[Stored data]
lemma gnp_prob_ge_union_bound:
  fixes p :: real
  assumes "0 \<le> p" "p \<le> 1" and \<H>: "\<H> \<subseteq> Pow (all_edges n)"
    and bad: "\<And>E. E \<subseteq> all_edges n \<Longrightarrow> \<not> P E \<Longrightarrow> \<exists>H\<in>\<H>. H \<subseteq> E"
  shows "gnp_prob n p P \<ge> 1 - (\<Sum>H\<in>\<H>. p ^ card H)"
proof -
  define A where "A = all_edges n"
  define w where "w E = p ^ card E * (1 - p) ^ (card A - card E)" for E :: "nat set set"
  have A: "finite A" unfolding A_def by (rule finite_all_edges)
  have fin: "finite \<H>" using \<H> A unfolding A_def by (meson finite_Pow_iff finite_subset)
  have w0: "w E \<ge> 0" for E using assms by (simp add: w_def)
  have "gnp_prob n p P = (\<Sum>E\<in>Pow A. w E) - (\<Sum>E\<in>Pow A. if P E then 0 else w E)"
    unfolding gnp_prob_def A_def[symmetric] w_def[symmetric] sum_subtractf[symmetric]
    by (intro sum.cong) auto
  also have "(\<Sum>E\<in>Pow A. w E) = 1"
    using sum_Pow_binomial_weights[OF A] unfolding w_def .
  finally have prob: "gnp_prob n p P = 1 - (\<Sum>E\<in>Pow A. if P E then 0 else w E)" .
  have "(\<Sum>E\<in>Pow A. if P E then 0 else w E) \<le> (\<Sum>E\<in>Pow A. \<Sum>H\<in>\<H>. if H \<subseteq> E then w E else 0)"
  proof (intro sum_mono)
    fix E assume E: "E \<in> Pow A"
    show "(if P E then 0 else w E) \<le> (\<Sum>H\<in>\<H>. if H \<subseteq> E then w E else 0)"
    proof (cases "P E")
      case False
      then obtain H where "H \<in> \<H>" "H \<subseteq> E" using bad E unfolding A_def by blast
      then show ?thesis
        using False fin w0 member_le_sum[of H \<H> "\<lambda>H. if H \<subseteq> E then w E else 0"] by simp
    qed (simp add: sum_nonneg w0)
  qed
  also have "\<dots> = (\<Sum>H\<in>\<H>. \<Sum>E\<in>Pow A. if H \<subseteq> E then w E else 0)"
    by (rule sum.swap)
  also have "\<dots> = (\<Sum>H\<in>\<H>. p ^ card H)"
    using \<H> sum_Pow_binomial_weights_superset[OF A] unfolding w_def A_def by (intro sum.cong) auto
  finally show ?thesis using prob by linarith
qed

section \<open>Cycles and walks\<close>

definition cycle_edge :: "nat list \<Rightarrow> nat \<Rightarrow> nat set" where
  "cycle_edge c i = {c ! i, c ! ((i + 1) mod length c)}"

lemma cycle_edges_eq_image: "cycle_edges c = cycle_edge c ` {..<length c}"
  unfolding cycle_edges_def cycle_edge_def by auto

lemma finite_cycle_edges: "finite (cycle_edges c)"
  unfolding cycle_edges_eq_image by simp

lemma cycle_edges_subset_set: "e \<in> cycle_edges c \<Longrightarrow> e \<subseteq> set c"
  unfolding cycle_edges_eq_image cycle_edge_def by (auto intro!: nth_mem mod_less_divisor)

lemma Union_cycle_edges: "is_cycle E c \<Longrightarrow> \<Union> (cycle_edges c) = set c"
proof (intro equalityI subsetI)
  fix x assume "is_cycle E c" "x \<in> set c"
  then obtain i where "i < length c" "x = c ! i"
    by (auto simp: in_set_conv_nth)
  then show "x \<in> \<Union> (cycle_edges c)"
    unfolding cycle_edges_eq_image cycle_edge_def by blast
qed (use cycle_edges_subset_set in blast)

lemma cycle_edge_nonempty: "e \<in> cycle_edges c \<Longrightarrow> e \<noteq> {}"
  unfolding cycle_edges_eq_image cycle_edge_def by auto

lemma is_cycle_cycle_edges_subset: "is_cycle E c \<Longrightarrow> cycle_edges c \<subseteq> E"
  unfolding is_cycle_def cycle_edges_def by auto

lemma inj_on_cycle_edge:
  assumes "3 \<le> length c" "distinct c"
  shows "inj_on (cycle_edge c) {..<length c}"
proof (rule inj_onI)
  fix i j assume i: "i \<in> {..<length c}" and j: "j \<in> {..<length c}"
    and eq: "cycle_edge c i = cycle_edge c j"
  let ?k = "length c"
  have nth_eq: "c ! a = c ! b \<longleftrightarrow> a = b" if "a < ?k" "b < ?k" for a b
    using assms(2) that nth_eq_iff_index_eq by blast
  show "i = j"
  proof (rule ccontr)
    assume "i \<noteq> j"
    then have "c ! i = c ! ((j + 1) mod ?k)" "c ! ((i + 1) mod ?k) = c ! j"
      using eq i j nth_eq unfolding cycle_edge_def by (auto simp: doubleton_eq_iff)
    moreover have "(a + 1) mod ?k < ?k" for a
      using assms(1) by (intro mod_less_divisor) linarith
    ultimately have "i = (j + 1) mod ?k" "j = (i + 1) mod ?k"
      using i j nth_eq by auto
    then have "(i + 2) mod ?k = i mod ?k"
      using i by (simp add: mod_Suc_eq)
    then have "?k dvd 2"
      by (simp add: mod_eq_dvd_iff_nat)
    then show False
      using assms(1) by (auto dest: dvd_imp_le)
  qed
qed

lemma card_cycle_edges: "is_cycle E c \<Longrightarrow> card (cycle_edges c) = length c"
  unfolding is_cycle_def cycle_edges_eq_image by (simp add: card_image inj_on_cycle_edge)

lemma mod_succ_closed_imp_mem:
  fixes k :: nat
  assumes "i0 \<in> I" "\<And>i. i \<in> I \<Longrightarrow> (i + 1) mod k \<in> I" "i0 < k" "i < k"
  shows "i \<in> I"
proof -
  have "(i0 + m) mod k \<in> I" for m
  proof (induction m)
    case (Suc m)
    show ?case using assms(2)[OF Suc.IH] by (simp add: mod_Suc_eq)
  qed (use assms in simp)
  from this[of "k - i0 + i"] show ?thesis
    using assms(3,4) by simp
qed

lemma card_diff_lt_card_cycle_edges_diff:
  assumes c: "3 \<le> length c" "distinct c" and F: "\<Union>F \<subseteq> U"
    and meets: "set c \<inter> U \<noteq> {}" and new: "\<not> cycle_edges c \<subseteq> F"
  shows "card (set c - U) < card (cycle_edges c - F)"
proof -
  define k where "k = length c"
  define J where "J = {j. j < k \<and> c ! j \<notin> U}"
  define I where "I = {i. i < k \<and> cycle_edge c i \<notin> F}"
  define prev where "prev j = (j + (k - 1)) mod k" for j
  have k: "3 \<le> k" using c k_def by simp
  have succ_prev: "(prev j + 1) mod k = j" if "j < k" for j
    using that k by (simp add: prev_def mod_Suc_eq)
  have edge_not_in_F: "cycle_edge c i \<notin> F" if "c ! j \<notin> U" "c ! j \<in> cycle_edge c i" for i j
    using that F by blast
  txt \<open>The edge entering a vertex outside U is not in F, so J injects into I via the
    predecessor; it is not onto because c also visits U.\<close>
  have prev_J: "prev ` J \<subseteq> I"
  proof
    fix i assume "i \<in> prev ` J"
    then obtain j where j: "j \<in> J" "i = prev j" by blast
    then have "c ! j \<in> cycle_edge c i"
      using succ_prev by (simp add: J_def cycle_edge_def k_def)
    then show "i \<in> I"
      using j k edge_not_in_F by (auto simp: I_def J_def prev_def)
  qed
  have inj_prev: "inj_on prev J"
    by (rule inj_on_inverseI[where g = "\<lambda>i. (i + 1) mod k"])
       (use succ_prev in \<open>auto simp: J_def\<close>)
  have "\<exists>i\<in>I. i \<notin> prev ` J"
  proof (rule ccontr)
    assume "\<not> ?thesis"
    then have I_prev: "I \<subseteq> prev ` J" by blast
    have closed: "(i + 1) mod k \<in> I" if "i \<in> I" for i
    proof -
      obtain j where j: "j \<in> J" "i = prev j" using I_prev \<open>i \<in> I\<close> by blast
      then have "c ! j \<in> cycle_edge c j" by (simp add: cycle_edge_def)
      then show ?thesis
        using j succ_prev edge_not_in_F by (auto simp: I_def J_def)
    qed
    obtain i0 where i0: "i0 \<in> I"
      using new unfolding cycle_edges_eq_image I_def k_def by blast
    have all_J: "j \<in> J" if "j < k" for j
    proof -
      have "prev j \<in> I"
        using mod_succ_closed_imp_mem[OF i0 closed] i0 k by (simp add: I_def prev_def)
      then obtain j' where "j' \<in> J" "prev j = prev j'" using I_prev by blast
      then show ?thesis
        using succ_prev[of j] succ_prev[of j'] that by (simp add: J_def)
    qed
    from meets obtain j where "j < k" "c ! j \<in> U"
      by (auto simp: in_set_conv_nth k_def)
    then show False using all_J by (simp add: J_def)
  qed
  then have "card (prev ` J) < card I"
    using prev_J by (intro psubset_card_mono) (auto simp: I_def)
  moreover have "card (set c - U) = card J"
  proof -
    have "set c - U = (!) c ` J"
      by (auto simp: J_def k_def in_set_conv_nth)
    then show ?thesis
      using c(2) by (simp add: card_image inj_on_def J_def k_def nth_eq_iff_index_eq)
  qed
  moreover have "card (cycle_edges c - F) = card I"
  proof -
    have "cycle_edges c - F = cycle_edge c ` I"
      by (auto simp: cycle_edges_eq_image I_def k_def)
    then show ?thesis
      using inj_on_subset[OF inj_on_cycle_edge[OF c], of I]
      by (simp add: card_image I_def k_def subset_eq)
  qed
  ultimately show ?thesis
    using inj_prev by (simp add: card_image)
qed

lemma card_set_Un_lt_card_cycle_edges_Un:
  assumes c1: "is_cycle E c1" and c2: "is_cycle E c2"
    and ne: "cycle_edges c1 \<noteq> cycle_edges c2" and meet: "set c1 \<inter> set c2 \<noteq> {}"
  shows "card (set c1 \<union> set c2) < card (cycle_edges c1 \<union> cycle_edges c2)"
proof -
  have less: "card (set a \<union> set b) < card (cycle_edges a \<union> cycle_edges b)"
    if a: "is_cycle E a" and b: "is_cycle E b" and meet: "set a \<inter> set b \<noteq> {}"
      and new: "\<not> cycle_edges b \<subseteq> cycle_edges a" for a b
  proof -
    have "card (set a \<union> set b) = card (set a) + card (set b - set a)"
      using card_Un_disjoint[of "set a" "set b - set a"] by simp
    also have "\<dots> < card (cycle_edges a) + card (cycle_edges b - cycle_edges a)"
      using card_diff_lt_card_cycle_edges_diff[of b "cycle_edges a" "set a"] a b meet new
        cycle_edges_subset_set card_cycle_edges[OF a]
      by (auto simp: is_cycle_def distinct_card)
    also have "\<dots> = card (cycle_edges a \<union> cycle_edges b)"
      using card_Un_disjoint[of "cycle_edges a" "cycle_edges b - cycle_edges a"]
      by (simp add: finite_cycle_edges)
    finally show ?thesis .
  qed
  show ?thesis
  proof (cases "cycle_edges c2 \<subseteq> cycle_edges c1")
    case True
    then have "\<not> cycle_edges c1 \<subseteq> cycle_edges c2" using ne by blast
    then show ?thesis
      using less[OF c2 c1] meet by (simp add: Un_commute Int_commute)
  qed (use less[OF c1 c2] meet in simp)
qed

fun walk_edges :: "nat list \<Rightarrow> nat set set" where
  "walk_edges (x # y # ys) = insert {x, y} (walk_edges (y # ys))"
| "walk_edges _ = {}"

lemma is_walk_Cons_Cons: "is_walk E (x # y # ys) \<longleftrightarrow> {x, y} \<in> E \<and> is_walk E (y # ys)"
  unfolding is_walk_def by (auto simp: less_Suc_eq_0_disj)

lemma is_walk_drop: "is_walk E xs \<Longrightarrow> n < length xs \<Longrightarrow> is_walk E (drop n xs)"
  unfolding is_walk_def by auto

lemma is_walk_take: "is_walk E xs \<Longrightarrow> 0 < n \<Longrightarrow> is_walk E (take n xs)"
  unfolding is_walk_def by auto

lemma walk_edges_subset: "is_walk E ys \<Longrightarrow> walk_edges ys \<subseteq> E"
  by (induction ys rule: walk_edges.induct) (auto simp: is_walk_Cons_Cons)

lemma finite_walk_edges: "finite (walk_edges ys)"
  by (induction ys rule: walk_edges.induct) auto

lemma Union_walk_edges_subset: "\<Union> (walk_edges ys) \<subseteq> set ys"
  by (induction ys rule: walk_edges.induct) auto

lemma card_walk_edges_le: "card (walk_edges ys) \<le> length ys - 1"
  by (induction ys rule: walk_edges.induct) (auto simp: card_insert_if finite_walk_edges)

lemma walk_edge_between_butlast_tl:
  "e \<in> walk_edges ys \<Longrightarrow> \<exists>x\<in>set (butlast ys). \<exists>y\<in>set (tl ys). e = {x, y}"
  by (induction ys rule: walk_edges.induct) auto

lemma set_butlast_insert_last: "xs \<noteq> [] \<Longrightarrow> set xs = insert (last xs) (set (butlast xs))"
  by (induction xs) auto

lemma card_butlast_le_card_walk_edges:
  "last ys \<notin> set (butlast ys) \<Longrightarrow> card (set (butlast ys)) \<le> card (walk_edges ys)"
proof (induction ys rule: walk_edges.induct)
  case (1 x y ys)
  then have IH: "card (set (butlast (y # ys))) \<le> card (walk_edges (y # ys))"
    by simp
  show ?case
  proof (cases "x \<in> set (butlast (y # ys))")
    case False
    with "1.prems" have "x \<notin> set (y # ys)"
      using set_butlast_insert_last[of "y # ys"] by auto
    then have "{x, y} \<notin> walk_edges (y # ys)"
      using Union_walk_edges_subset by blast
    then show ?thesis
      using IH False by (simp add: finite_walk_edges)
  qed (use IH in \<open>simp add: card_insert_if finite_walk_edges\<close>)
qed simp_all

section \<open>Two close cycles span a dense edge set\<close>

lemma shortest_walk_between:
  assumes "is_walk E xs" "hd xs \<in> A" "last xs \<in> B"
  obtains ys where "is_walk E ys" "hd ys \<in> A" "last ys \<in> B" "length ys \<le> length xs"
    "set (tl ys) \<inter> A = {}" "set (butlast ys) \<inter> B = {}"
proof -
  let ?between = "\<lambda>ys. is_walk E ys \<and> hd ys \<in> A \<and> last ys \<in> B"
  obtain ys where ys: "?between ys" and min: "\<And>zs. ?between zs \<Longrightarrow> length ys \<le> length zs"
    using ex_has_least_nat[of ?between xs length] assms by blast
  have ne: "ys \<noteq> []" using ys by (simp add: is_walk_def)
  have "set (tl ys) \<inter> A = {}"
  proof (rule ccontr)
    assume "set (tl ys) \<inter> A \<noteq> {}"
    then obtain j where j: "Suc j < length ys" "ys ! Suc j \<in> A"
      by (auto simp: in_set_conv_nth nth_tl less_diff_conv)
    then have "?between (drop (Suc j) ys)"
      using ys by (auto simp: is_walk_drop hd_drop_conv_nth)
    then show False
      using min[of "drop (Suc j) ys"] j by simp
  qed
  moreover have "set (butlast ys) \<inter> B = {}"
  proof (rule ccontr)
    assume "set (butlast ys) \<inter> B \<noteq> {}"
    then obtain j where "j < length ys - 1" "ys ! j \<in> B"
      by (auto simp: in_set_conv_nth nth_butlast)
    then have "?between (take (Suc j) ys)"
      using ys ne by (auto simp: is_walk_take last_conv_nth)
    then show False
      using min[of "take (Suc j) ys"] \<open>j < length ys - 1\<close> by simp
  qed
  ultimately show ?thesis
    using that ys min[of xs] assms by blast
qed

==

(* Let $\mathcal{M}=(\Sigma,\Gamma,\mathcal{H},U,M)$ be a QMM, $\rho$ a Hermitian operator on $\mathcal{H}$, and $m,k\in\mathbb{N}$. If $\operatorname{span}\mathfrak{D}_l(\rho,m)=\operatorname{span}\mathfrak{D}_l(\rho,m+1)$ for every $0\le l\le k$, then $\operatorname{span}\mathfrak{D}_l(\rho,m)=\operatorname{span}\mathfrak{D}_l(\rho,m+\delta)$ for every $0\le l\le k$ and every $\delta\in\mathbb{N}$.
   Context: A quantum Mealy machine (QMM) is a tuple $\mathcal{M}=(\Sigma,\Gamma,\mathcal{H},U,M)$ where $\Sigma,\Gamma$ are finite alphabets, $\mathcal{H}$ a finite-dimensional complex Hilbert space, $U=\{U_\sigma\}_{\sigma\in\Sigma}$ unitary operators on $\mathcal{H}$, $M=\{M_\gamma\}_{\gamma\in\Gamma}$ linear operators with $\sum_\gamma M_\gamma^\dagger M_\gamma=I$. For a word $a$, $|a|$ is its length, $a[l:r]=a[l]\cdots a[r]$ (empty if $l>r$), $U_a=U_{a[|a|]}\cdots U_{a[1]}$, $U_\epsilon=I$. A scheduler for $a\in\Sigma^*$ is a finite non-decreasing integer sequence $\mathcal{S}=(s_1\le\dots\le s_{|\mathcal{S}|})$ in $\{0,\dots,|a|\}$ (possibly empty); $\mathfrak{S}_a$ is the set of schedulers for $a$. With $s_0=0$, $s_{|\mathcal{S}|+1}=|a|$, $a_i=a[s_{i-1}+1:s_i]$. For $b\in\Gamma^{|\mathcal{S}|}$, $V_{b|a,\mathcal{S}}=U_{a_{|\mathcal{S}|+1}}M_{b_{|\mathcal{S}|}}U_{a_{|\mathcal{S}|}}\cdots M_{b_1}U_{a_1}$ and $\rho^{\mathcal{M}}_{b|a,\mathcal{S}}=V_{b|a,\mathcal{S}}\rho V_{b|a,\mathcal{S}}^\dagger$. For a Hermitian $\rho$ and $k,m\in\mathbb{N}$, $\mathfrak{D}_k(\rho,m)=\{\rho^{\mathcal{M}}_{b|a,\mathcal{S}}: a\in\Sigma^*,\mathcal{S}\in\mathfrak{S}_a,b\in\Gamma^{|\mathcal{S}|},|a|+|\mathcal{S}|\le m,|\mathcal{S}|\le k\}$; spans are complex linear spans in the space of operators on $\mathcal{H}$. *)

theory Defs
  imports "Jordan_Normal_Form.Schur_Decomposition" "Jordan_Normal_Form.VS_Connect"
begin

--

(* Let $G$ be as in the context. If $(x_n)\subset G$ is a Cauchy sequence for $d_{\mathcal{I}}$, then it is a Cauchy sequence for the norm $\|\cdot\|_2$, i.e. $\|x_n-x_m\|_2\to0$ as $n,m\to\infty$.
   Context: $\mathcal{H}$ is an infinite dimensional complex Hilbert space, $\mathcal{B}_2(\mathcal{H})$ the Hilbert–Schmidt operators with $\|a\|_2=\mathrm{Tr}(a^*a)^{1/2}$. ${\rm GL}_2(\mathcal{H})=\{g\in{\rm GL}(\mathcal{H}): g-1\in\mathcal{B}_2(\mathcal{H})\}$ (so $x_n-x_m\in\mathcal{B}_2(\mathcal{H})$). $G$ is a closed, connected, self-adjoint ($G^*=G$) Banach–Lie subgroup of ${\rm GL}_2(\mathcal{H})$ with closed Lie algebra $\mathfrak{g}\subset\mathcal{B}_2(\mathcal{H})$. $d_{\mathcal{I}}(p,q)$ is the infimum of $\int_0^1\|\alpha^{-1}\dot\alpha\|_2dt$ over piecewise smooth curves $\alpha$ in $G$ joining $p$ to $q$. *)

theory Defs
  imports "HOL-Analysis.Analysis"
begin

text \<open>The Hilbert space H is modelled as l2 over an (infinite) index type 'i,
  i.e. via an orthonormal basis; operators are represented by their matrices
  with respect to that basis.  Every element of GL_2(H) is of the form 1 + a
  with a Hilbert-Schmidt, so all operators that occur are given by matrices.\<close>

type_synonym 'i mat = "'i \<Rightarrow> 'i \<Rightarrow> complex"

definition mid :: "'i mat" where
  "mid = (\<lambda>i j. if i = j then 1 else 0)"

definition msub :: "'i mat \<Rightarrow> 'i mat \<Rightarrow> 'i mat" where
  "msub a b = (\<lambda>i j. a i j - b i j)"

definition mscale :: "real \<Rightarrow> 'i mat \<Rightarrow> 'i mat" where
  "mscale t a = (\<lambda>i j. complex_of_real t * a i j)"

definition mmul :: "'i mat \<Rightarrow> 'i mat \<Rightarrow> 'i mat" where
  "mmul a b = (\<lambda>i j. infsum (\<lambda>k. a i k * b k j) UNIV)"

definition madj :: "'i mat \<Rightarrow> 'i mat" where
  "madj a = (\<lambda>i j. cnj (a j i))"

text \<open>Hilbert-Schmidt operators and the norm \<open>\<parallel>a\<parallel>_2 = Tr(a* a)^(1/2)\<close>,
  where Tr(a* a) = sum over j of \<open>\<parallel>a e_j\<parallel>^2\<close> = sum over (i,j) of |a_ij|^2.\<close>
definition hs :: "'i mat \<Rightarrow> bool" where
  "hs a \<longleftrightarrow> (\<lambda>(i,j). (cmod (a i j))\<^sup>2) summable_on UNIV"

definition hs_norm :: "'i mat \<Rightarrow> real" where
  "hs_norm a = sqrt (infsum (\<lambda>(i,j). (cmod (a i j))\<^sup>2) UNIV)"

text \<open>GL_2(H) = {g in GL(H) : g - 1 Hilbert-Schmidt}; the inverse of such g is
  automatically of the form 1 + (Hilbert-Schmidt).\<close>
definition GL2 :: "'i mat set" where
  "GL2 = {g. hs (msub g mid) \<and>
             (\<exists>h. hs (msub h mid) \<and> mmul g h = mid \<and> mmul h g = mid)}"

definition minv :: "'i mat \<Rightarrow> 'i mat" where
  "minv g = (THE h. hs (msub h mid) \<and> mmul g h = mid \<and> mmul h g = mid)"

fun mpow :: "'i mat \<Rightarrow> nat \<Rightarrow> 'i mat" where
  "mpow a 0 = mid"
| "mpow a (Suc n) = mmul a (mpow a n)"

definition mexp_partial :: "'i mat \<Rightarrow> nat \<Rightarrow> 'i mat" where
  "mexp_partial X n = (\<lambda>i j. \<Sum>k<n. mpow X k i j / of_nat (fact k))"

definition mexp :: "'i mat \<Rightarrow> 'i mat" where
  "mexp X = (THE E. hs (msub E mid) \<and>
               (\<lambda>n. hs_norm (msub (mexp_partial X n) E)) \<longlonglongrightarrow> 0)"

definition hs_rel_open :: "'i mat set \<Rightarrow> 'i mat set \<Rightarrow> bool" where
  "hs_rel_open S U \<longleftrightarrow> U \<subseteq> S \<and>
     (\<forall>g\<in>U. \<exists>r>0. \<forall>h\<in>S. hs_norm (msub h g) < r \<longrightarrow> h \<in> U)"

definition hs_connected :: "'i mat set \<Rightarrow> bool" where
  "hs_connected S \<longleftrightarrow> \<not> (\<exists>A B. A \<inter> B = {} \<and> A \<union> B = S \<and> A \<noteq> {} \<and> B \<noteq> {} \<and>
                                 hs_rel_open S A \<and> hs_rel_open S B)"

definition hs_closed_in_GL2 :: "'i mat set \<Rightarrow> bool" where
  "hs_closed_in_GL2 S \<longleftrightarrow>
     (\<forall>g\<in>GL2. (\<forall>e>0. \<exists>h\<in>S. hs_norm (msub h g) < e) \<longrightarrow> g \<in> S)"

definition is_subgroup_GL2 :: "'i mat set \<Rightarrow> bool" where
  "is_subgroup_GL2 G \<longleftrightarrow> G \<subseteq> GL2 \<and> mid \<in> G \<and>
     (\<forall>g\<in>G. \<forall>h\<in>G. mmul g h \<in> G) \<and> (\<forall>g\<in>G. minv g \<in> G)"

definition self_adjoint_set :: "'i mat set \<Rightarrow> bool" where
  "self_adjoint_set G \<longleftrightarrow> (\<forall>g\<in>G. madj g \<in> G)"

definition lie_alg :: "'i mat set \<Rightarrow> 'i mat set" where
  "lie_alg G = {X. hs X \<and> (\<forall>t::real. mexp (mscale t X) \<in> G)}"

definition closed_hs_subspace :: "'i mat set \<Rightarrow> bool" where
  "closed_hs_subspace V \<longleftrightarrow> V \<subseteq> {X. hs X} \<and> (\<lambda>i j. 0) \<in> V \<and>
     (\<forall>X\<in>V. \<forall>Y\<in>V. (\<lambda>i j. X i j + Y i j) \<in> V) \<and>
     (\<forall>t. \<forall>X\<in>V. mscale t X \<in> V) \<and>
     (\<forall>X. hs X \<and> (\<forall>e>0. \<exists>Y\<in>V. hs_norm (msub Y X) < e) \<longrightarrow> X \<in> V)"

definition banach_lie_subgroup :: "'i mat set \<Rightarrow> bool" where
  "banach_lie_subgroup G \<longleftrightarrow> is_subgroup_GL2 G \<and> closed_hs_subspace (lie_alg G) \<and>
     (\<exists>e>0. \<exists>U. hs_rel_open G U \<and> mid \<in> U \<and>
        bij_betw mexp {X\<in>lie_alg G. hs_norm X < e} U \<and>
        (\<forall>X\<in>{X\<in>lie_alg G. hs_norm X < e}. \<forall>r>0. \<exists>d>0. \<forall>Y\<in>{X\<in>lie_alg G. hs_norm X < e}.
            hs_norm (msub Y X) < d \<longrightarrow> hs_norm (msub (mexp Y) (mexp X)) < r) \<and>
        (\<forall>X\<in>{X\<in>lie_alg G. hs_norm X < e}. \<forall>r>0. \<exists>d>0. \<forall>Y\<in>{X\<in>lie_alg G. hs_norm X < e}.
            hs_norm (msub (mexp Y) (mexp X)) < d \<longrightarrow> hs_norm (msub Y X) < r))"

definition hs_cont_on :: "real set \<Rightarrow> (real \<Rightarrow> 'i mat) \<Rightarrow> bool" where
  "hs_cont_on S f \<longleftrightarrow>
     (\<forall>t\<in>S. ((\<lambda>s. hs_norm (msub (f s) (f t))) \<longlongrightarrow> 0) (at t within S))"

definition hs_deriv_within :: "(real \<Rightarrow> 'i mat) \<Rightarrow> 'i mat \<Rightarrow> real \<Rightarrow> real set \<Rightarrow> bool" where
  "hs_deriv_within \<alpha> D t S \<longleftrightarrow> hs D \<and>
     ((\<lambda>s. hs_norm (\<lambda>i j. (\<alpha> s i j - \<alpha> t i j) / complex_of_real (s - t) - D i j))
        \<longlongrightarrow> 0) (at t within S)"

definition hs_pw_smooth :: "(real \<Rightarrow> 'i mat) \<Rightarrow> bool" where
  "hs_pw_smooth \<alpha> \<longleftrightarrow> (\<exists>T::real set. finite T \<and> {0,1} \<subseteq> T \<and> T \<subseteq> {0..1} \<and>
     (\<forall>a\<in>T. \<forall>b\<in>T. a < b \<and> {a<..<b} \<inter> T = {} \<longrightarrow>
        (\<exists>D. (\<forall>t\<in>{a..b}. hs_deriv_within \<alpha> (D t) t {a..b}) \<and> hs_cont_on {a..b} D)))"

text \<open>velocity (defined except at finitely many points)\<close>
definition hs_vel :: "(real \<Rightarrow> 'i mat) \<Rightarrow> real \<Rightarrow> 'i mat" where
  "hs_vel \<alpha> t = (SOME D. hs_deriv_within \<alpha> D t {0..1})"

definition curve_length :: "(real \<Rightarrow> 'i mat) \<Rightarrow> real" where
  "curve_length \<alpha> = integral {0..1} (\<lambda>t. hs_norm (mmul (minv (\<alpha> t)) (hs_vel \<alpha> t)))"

- [What the task asks] Every line from the line containing "n = (\<lambda>i" through the line containing "U \<subseteq> S \<and>" in the records above must be retyped exactly. Leave out the rest.

- [Answer for this exercise]
  "mexp_partial X n = (\<lambda>i j. \<Sum>k<n. mpow X k i j / of_nat (fact k))"

definition mexp :: "'i mat \<Rightarrow> 'i mat" where
  "mexp X = (THE E. hs (msub E mid) \<and>
               (\<lambda>n. hs_norm (msub (mexp_partial X n) E)) \<longlonglongrightarrow> 0)"

definition hs_rel_open :: "'i mat set \<Rightarrow> 'i mat set \<Rightarrow> bool" where
  "hs_rel_open S U \<longleftrightarrow> U \<subseteq> S \<and>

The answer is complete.